(Excerpts from a dataset)
******
lemma harmonic_constant:
  assumes "stochastic Q" "ergodic Q" "\<forall>s. (\<Sum>t\<in>UNIV. Q s t * h t) = h s"
  shows "h t = h s"
proof -
  obtain n where n: "\<forall>s s'. 0 < nstep Q n s s'" using assms(2) by (auto simp: ergodic_def)
  have "Max (range h) \<in> range h" by (rule Max_in) auto
  then obtain s0 where s0: "h s0 = Max (range h)" by (metis imageE)
  have le: "h u \<le> h s0" for u using s0 by simp
  have "(\<Sum>u\<in>UNIV. nstep Q n s0 u * (h s0 - h u))
      = h s0 * (\<Sum>u\<in>UNIV. nstep Q n s0 u) - (\<Sum>u\<in>UNIV. nstep Q n s0 u * h u)"
    by (simp add: right_diff_distrib sum_subtractf sum_distrib_left mult.commute)
  also have "\<dots> = 0" using nstep_row_sum[OF assms(1)] right_invariant_nstep[OF assms(3)] by simp
  finally have "\<forall>u. nstep Q n s0 u * (h s0 - h u) = 0"
    using n le by (simp add: sum_nonneg_eq_0_iff less_imp_le)
  then have "\<forall>u. h u = h s0" using n by (metis less_irrefl mult_eq_0_iff right_minus_eq)
  then show ?thesis by metis
qed

text \<open>Brouwer's fixed point theorem for \<open>x \<mapsto> x Q\<close> on the probability simplex.\<close>

lemma stationary_dist_exists:
  fixes Q :: "'s::finite \<Rightarrow> 's \<Rightarrow> real"
  assumes "stochastic Q"
  shows "\<exists>p. is_stationary_dist Q p"
proof -
  define S where "S = {x::real^'s. (\<forall>i. 0 \<le> x$i) \<and> (\<Sum>i\<in>UNIV. x$i) = 1}"
  define f where "f x = (\<chi> t. \<Sum>s\<in>UNIV. x$s * Q s t)" for x :: "real^'s"
  have "closed S" unfolding S_def
    by (intro closed_Collect_conj closed_Collect_all closed_Collect_le closed_Collect_eq continuous_intros)
  moreover have "bounded S"
  proof -
    have "norm x \<le> 1" if "x \<in> S" for x
      using norm_le_l1_cart[of x] that by (simp add: S_def)
    then show ?thesis unfolding bounded_iff by blast
  qed
  ultimately have "compact S" by (simp add: compact_eq_bounded_closed)
  moreover have "convex S"
  proof (rule convexI)
    fix x y :: "real^'s" and u v :: real
    assume xy: "x \<in> S" "y \<in> S" "0 \<le> u" "0 \<le> v" "u + v = 1"
    have "(\<Sum>i\<in>UNIV. (u *\<^sub>R x + v *\<^sub>R y) $ i) = u * (\<Sum>i\<in>UNIV. x$i) + v * (\<Sum>i\<in>UNIV. y$i)"
      by (simp add: sum.distrib sum_distrib_left)
    then show "u *\<^sub>R x + v *\<^sub>R y \<in> S" using xy by (simp add: S_def)
  qed
  moreover have "(\<chi> i. 1 / real CARD('s)) \<in> S" by (simp add: S_def)
  then have "S \<noteq> {}" by blast
  moreover have "continuous_on S f" unfolding f_def by (intro continuous_intros)
  moreover have "f \<in> S \<rightarrow> S"
  proof
    fix x assume x: "x \<in> S"
    have "(\<Sum>t\<in>UNIV. f x $ t) = (\<Sum>s\<in>UNIV. x$s * (\<Sum>t\<in>UNIV. Q s t))"
      using sum_product_assoc[of UNIV UNIV "\<lambda>s. x$s" Q "\<lambda>_. 1"] by (simp add: f_def)
    moreover have "0 \<le> f x $ t" for t
      using x assms by (auto simp: S_def f_def stochastic_def intro!: sum_nonneg)
    ultimately show "f x \<in> S" using x assms by (simp add: S_def stochastic_def)
  qed
  ultimately obtain x where x: "x \<in> S" "f x = x" using brouwer by blast
  have "is_stationary_dist Q (\<lambda>s. x$s)"
    unfolding is_stationary_dist_def
  proof (intro conjI allI)
    fix s' show "(\<Sum>s\<in>UNIV. x$s * Q s s') = x$s'"
      using x(2) by (metis f_def vec_lambda_beta)
  qed (use x(1) in \<open>auto simp: S_def\<close>)
  then show ?thesis by blast
qed

definition poisson_op :: "('s::finite \<Rightarrow> 's \<Rightarrow> real) \<Rightarrow> ('s \<Rightarrow> real) \<Rightarrow> real^'s \<Rightarrow> real^'s" where
  "poisson_op Q p v = (\<chi> s. v$s - (\<Sum>t\<in>UNIV. Q s t * v$t) + (\<Sum>t\<in>UNIV. p t * v$t))"

lemma linear_poisson_op: "linear (poisson_op Q p)"
proof (rule linearI)
  show "poisson_op Q p (a + b) = poisson_op Q p a + poisson_op Q p b" for a b
    by (simp add: poisson_op_def vec_eq_iff distrib_left sum.distrib)
  show "poisson_op Q p (c *\<^sub>R b) = c *\<^sub>R poisson_op Q p b" for c b
    by (simp add: poisson_op_def vec_eq_iff sum_distrib_left algebra_simps)
qed

lemma stationary_expectation_poisson_op:
  assumes p: "is_stationary_dist Q p"
  shows "(\<Sum>s\<in>UNIV. p s * poisson_op Q p v $ s) = (\<Sum>t\<in>UNIV. p t * v$t)"
proof -
  have "(\<Sum>s\<in>UNIV. p s * poisson_op Q p v $ s) = (\<Sum>s\<in>UNIV. p s * v$s)
      - (\<Sum>s\<in>UNIV. p s * (\<Sum>t\<in>UNIV. Q s t * v$t)) + sum p UNIV * (\<Sum>t\<in>UNIV. p t * v$t)"
    by (simp add: poisson_op_def distrib_left right_diff_distrib sum.distrib sum_subtractf
        sum_distrib_right)
  then show ?thesis
    using stationary_expectation[OF p, of "\<lambda>t. v$t"] p by (simp add: is_stationary_dist_def)
qed

text \<open>The mean \<open>\<langle>p, v\<rangle>\<close> of a kernel element vanishes, so \<open>v\<close> is harmonic, hence constant by
  the maximum principle, hence zero.\<close>

lemma inj_poisson_op:
  assumes Q: "stochastic Q" "ergodic Q" and p: "is_stationary_dist Q p"
  shows "inj (poisson_op Q p)"
  unfolding linear_injective_0[OF linear_poisson_op]
proof (intro allI impI)
  fix v assume L0: "poisson_op Q p v = 0"
  define c where "c = (\<Sum>t\<in>UNIV. p t * v$t)"
  have c0: "c = 0" using stationary_expectation_poisson_op[OF p, of v] L0 by (simp add: c_def)
  have eq: "v$s - (\<Sum>t\<in>UNIV. Q s t * v$t) + c = 0" for s
    using L0 by (simp add: poisson_op_def vec_eq_iff c_def)
  have "\<forall>s. (\<Sum>t\<in>UNIV. Q s t * v$t) = v$s"
  proof
    fix s show "(\<Sum>t\<in>UNIV. Q s t * v$t) = v$s" using eq[of s] c0 by linarith
  qed
  from harmonic_constant[OF Q this] have const: "v$t = v$s" for s t .
  have "c = (\<Sum>t\<in>UNIV. p t * v$s)" for s
    unfolding c_def by (rule sum.cong) (use const in auto)
  then have "v$s = 0" for s using c0 p by (simp add: is_stationary_dist_def sum_distrib_right[symmetric])
  then show "v = 0" by (simp add: vec_eq_iff)
qed

lemma poisson_equation_solvable:
  fixes Q :: "'s::finite \<Rightarrow> 's \<Rightarrow> real"
  assumes Q: "stochastic Q" "ergodic Q" and p: "is_stationary_dist Q p"
  shows "\<exists>g. \<forall>s. g s - (\<Sum>t\<in>UNIV. Q s t * g t) = y s - (\<Sum>t\<in>UNIV. p t * y t)"
proof -
  have "surj (poisson_op Q p)"
    by (rule linear_injective_imp_surjective[OF linear_poisson_op inj_poisson_op[OF Q p]]) simp
  then obtain v where v: "poisson_op Q p v = (\<chi> s. y s)" by (metis surjD)
  have avg: "(\<Sum>t\<in>UNIV. p t * v$t) = (\<Sum>t\<in>UNIV. p t * y t)"
    using stationary_expectation_poisson_op[OF p, of v] v by simp
  have "v$s - (\<Sum>t\<in>UNIV. Q s t * v$t) + (\<Sum>t\<in>UNIV. p t * v$t) = y s" for s
    using v by (simp add: poisson_op_def vec_eq_iff)
  then have "v$s - (\<Sum>t\<in>UNIV. Q s t * v$t) = y s - (\<Sum>t\<in>UNIV. p t * y t)" for s
    unfolding avg by (simp add: eq_diff_eq)
  then show ?thesis by blast
qed

section \<open>Policies\<close>

abbreviation pure_policy :: "'a \<Rightarrow> 's \<Rightarrow> 'a \<Rightarrow> real" where
  "pure_policy k \<equiv> \<lambda>_. indicator {k}"

lemma mixp_0 [simp]: "mixp 0 m1 m2 = m1"
  by (simp add: mixp_def)

lemma policy_mixp:
  assumes "is_policy Ai m1" "is_policy Ai m2" "0 \<le> d" "d \<le> 1"
  shows "is_policy Ai (mixp d m1 m2)"
proof -
  have "(\<Sum>a\<in>Ai. (1 - d) * m1 s a + d * m2 s a) = (1 - d) * (\<Sum>a\<in>Ai. m1 s a) + d * (\<Sum>a\<in>Ai. m2 s a)" for s
    by (simp add: sum.distrib sum_distrib_left)
  with assms show ?thesis unfolding is_policy_def mixp_def by auto
qed

lemma policy_upd_pure:
  fixes Ai :: "'a::finite set"
  assumes "is_policy Ai m" "k \<in> Ai"
  shows "is_policy Ai (m(s := indicator {k}))"
  using assms by (simp add: is_policy_def indicator_def of_bool_def)

lemma joint_policy_upd:
  "is_joint_policy A mu \<Longrightarrow> is_policy (A i) m \<Longrightarrow> is_joint_policy A (mu(i := m))"
  by (simp add: is_joint_policy_def)

lemma joint_policy_upd_mixp:
  assumes "is_joint_policy A mu" "is_policy (A i) m" "0 \<le> d" "d \<le> 1"
  shows "is_joint_policy A (mu(i := mixp d (mu i) m))"
  using assms by (intro joint_policy_upd policy_mixp) (auto simp: is_joint_policy_def)

lemma jprob_upd:
  fixes mu :: "'i::finite \<Rightarrow> 's \<Rightarrow> 'a \<Rightarrow> real"
  shows "jprob (mu(i := m)) s a = m s (a i) * (\<Prod>j\<in>UNIV - {i}. mu j s (a j))"
proof -
  have "jprob (mu(i := m)) s a = m s (a i) * (\<Prod>j\<in>UNIV - {i}. (mu(i := m)) j s (a j))"
    unfolding jprob_def by (subst prod.remove[of UNIV i]) auto
  also have "(\<Prod>j\<in>UNIV - {i}. (mu(i := m)) j s (a j)) = (\<Prod>j\<in>UNIV - {i}. mu j s (a j))"
    by (rule prod.cong) auto
  finally show ?thesis .
qed

lemma jprob_upd_mixp:
  "jprob (mu(i := mixp d (mu i) m)) s a = (1 - d) * jprob mu s a + d * jprob (mu(i := m)) s a"
  using jprob_upd[of mu i "mu i" s a] by (simp add: jprob_upd mixp_def algebra_simps)

lemma jprob_upd_eq_sum_pure:
  fixes A :: "'i::finite \<Rightarrow> 'a::finite set"
  assumes "a \<in> joint_acts A"
  shows "jprob (mu(i := m)) s a = (\<Sum>k\<in>A i. m s k * jprob (mu(i := pure_policy k)) s a)"
proof -
  have "a i \<in> A i" using assms by (auto simp: joint_acts_def)
  then show ?thesis
    by (simp add: jprob_upd indicator_def of_bool_def if_distrib if_distribR cong: if_cong)
qed

lemma jprob_nonneg: "is_joint_policy A mu \<Longrightarrow> 0 \<le> jprob mu s a"
  unfolding jprob_def is_joint_policy_def is_policy_def by (auto intro: prod_nonneg)

lemma sum_jprob:
  fixes A :: "'i::finite \<Rightarrow> 'a::finite set"
  assumes "is_joint_policy A mu"
  shows "(\<Sum>a\<in>joint_acts A. jprob mu s a) = 1"
proof -
  have "(\<Sum>a\<in>joint_acts A. jprob mu s a) = (\<Prod>i\<in>UNIV. \<Sum>y\<in>A i. mu i s y)"
    unfolding joint_acts_def jprob_def by (rule prod_sum_PiE[symmetric]) auto
  also have "\<dots> = 1" using assms by (simp add: is_joint_policy_def is_policy_def)
  finally show ?thesis .
qed

section \<open>Average reward, bias and advantage\<close>

locale game =
  fixes A :: "'i::finite \<Rightarrow> 'a::finite set"
    and P :: "'s::finite \<Rightarrow> ('i \<Rightarrow> 'a) \<Rightarrow> 's \<Rightarrow> real"
  assumes P_nonneg: "\<forall>s a s'. a \<in> joint_acts A \<longrightarrow> 0 \<le> P s a s'"
    and P_sum: "\<forall>s a. a \<in> joint_acts A \<longrightarrow> (\<Sum>s'\<in>UNIV. P s a s') = 1"
    and erg: "\<forall>nu. is_joint_policy A nu \<longrightarrow> ergodic (chain A P nu)"
begin

lemma sum_chain_mult:
  "(\<Sum>t\<in>UNIV. chain A P nu s t * h t) = (\<Sum>a\<in>joint_acts A. jprob nu s a * (\<Sum>t\<in>UNIV. P s a t * h t))"
  unfolding chain_def by (rule sum_product_assoc[symmetric]) (auto simp: joint_acts_def)

lemma chain_stochastic:
  assumes nu: "is_joint_policy A nu"
  shows "stochastic (chain A P nu)"
proof -
  have "(\<Sum>t\<in>UNIV. chain A P nu s t) = (\<Sum>a\<in>joint_acts A. jprob nu s a)" for s
    using sum_chain_mult[of nu s "\<lambda>_. 1"] P_sum by (simp cong: sum.cong)
  moreover have "0 \<le> chain A P nu s t" for s t
    unfolding chain_def using P_nonneg jprob_nonneg[OF nu] by (auto intro!: sum_nonneg)
  ultimately show ?thesis using sum_jprob[OF nu] by (simp add: stochastic_def)
qed

lemma stat_dist_stationary:
  assumes nu: "is_joint_policy A nu"
  shows "is_stationary_dist (chain A P nu) (stat_dist A P nu)"
proof -
  have "\<exists>!p. is_stationary_dist (chain A P nu) p"
    using stationary_dist_exists[OF chain_stochastic[OF nu]]
      stationary_dist_unique[OF erg[rule_format, OF nu]] by blast
  then show ?thesis unfolding stat_dist_def by (rule theI')
qed

lemma stat_dist_pos: "is_joint_policy A nu \<Longrightarrow> 0 < stat_dist A P nu s"
  using stationary_dist_pos[OF erg[rule_format] stat_dist_stationary] by blast

lemma stat_dist_sum: "is_joint_policy A nu \<Longrightarrow> (\<Sum>s\<in>UNIV. stat_dist A P nu s) = 1"
  using stat_dist_stationary by (simp add: is_stationary_dist_def)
******
Task prompt ::
Give back, word for word, the lines of the records that run from the one holding "A \<longrightarrow> 0" to the very last.

Task result ::
  assumes P_nonneg: "\<forall>s a s'. a \<in> joint_acts A \<longrightarrow> 0 \<le> P s a s'"
    and P_sum: "\<forall>s a. a \<in> joint_acts A \<longrightarrow> (\<Sum>s'\<in>UNIV. P s a s') = 1"
    and erg: "\<forall>nu. is_joint_policy A nu \<longrightarrow> ergodic (chain A P nu)"
begin

lemma sum_chain_mult:
  "(\<Sum>t\<in>UNIV. chain A P nu s t * h t) = (\<Sum>a\<in>joint_acts A. jprob nu s a * (\<Sum>t\<in>UNIV. P s a t * h t))"
  unfolding chain_def by (rule sum_product_assoc[symmetric]) (auto simp: joint_acts_def)

lemma chain_stochastic:
  assumes nu: "is_joint_policy A nu"
  shows "stochastic (chain A P nu)"
proof -
  have "(\<Sum>t\<in>UNIV. chain A P nu s t) = (\<Sum>a\<in>joint_acts A. jprob nu s a)" for s
    using sum_chain_mult[of nu s "\<lambda>_. 1"] P_sum by (simp cong: sum.cong)
  moreover have "0 \<le> chain A P nu s t" for s t
    unfolding chain_def using P_nonneg jprob_nonneg[OF nu] by (auto intro!: sum_nonneg)
  ultimately show ?thesis using sum_jprob[OF nu] by (simp add: stochastic_def)
qed

lemma stat_dist_stationary:
  assumes nu: "is_joint_policy A nu"
  shows "is_stationary_dist (chain A P nu) (stat_dist A P nu)"
proof -
  have "\<exists>!p. is_stationary_dist (chain A P nu) p"
    using stationary_dist_exists[OF chain_stochastic[OF nu]]
      stationary_dist_unique[OF erg[rule_format, OF nu]] by blast
  then show ?thesis unfolding stat_dist_def by (rule theI')
qed

lemma stat_dist_pos: "is_joint_policy A nu \<Longrightarrow> 0 < stat_dist A P nu s"
  using stationary_dist_pos[OF erg[rule_format] stat_dist_stationary] by blast

lemma stat_dist_sum: "is_joint_policy A nu \<Longrightarrow> (\<Sum>s\<in>UNIV. stat_dist A P nu s) = 1"
  using stat_dist_stationary by (simp add: is_stationary_dist_def)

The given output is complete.